Collected data entries:
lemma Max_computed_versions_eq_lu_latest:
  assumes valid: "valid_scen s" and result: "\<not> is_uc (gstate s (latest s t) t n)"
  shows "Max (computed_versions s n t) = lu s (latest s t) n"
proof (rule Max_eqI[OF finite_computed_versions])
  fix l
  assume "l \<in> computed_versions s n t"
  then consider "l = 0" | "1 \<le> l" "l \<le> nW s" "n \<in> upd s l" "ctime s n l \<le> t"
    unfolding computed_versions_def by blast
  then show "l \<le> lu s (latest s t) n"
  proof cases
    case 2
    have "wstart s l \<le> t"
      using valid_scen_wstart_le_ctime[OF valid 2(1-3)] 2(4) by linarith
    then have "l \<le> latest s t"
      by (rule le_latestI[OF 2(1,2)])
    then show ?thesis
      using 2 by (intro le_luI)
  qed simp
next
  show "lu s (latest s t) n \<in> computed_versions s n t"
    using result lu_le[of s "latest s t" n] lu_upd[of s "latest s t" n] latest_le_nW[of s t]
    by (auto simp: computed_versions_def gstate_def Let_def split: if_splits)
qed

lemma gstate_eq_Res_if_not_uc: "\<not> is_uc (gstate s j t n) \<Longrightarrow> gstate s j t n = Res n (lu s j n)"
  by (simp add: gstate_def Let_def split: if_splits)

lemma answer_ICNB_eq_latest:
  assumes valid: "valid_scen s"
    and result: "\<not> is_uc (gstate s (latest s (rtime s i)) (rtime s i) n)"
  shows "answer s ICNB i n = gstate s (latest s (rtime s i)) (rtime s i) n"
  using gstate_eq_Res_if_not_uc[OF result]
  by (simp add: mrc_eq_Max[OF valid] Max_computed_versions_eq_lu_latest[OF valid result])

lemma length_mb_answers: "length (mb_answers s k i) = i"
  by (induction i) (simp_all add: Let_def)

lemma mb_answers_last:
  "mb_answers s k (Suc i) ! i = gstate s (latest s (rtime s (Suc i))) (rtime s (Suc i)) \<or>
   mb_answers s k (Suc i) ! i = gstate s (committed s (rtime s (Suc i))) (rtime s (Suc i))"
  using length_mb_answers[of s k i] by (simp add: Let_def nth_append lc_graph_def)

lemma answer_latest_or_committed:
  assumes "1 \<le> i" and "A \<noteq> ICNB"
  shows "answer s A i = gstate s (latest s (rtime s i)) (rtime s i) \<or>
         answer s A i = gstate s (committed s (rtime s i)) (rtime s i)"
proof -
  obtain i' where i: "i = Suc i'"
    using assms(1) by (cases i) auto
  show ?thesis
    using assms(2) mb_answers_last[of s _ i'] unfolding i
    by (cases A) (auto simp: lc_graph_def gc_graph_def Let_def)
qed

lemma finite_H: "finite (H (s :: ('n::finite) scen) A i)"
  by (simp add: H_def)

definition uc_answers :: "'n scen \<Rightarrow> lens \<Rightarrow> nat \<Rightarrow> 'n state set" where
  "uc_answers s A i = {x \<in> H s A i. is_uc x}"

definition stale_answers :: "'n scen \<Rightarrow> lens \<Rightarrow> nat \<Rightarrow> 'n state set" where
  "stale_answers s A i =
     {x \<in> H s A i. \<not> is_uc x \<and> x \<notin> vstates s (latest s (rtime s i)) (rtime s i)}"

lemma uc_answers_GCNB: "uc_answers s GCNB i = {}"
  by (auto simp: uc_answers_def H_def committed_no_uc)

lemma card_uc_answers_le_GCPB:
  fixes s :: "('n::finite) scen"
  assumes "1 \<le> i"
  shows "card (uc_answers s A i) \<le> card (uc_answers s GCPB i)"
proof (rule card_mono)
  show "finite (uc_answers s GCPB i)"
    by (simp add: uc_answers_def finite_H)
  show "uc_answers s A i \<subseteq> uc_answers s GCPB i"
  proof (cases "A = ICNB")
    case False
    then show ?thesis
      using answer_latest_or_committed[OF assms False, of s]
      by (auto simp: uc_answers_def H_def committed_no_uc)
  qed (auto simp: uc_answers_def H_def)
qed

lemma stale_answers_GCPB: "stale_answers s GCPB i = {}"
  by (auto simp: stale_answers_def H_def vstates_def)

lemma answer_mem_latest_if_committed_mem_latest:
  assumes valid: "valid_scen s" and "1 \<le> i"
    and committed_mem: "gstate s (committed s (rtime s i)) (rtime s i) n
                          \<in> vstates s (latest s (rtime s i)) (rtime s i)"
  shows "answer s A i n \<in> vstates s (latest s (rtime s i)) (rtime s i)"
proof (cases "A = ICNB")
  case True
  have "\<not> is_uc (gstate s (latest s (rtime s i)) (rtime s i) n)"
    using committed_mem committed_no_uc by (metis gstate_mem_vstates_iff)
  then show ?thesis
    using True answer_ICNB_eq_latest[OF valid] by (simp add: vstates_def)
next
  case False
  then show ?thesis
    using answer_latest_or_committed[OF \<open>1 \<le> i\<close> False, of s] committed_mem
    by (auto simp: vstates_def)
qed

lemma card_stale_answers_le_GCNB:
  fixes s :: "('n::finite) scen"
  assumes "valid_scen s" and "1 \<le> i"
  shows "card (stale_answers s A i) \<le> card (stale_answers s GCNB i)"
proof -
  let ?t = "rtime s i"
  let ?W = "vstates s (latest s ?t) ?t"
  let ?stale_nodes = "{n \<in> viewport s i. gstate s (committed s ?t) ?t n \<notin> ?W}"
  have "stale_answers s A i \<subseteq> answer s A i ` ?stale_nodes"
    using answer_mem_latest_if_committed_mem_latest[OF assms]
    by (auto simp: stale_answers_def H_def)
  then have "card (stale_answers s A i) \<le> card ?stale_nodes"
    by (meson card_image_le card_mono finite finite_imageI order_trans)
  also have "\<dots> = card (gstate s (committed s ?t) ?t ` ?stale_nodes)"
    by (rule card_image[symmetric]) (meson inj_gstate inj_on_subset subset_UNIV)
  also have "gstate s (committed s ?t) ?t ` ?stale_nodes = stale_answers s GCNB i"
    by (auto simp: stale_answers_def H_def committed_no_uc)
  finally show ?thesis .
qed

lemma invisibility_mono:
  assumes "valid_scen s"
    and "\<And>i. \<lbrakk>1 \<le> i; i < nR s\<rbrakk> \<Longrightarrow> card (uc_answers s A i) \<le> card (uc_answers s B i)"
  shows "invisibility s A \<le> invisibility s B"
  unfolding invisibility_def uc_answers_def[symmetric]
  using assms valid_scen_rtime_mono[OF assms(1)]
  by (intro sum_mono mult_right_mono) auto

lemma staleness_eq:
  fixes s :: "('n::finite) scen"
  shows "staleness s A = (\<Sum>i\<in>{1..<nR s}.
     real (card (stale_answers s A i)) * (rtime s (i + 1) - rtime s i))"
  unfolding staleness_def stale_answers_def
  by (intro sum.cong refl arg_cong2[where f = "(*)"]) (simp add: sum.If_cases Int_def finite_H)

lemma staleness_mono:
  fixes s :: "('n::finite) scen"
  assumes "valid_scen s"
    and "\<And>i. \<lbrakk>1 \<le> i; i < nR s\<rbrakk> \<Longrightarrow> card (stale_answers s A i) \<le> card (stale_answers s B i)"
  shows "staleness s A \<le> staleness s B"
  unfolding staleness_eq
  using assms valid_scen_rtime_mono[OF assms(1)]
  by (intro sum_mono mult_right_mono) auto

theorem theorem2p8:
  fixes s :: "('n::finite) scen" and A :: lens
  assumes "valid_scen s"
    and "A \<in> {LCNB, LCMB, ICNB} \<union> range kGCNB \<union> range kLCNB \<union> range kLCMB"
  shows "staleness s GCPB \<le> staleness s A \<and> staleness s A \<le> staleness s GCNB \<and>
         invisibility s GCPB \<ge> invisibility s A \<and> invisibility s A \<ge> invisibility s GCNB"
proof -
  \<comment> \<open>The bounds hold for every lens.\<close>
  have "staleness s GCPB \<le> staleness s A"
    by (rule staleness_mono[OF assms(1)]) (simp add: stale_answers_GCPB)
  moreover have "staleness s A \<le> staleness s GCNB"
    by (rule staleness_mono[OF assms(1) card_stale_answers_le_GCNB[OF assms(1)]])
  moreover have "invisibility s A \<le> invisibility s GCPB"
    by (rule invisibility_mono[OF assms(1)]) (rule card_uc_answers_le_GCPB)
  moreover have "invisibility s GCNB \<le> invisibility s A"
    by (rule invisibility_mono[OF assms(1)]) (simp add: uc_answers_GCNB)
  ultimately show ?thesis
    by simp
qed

...

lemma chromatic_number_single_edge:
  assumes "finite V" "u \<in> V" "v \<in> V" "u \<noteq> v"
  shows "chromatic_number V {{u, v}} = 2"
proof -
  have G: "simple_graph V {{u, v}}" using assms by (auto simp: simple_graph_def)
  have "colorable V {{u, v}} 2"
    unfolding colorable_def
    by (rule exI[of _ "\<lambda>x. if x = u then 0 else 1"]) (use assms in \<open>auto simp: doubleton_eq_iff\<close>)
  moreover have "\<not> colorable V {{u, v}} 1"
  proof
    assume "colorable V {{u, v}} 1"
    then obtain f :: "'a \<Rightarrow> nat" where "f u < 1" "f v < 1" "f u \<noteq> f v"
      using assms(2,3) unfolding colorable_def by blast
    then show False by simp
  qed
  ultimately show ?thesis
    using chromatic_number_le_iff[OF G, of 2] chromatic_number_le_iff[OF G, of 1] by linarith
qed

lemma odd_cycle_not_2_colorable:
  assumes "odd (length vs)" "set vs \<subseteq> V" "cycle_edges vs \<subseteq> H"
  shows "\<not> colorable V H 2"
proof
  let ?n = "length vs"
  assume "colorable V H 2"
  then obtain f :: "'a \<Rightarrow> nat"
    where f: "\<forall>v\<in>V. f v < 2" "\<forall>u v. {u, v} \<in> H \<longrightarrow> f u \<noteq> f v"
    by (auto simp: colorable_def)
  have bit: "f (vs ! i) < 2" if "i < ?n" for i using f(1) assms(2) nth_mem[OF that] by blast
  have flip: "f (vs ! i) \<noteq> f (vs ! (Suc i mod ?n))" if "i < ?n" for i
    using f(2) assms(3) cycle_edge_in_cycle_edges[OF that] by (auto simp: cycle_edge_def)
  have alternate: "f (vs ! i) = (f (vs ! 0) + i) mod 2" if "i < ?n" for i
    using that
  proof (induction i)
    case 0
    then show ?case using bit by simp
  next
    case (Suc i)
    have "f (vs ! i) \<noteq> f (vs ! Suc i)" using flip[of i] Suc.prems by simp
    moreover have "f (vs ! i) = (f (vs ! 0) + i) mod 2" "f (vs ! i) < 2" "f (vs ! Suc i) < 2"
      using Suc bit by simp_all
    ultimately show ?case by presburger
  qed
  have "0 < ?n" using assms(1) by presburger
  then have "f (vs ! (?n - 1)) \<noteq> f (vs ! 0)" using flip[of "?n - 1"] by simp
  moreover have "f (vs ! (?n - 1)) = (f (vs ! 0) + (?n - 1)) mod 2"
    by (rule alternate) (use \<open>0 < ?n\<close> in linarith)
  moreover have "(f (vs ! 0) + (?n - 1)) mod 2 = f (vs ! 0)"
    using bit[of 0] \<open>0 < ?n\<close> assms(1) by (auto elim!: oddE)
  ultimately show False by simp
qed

- **TASK DETAILS**
Only the lines containing the word "alternate" should be returned from the data above.

- **RESPONSE BOX**
  have alternate: "f (vs ! i) = (f (vs ! 0) + i) mod 2" if "i < ?n" for i
    by (rule alternate) (use \<open>0 < ?n\<close> in linarith)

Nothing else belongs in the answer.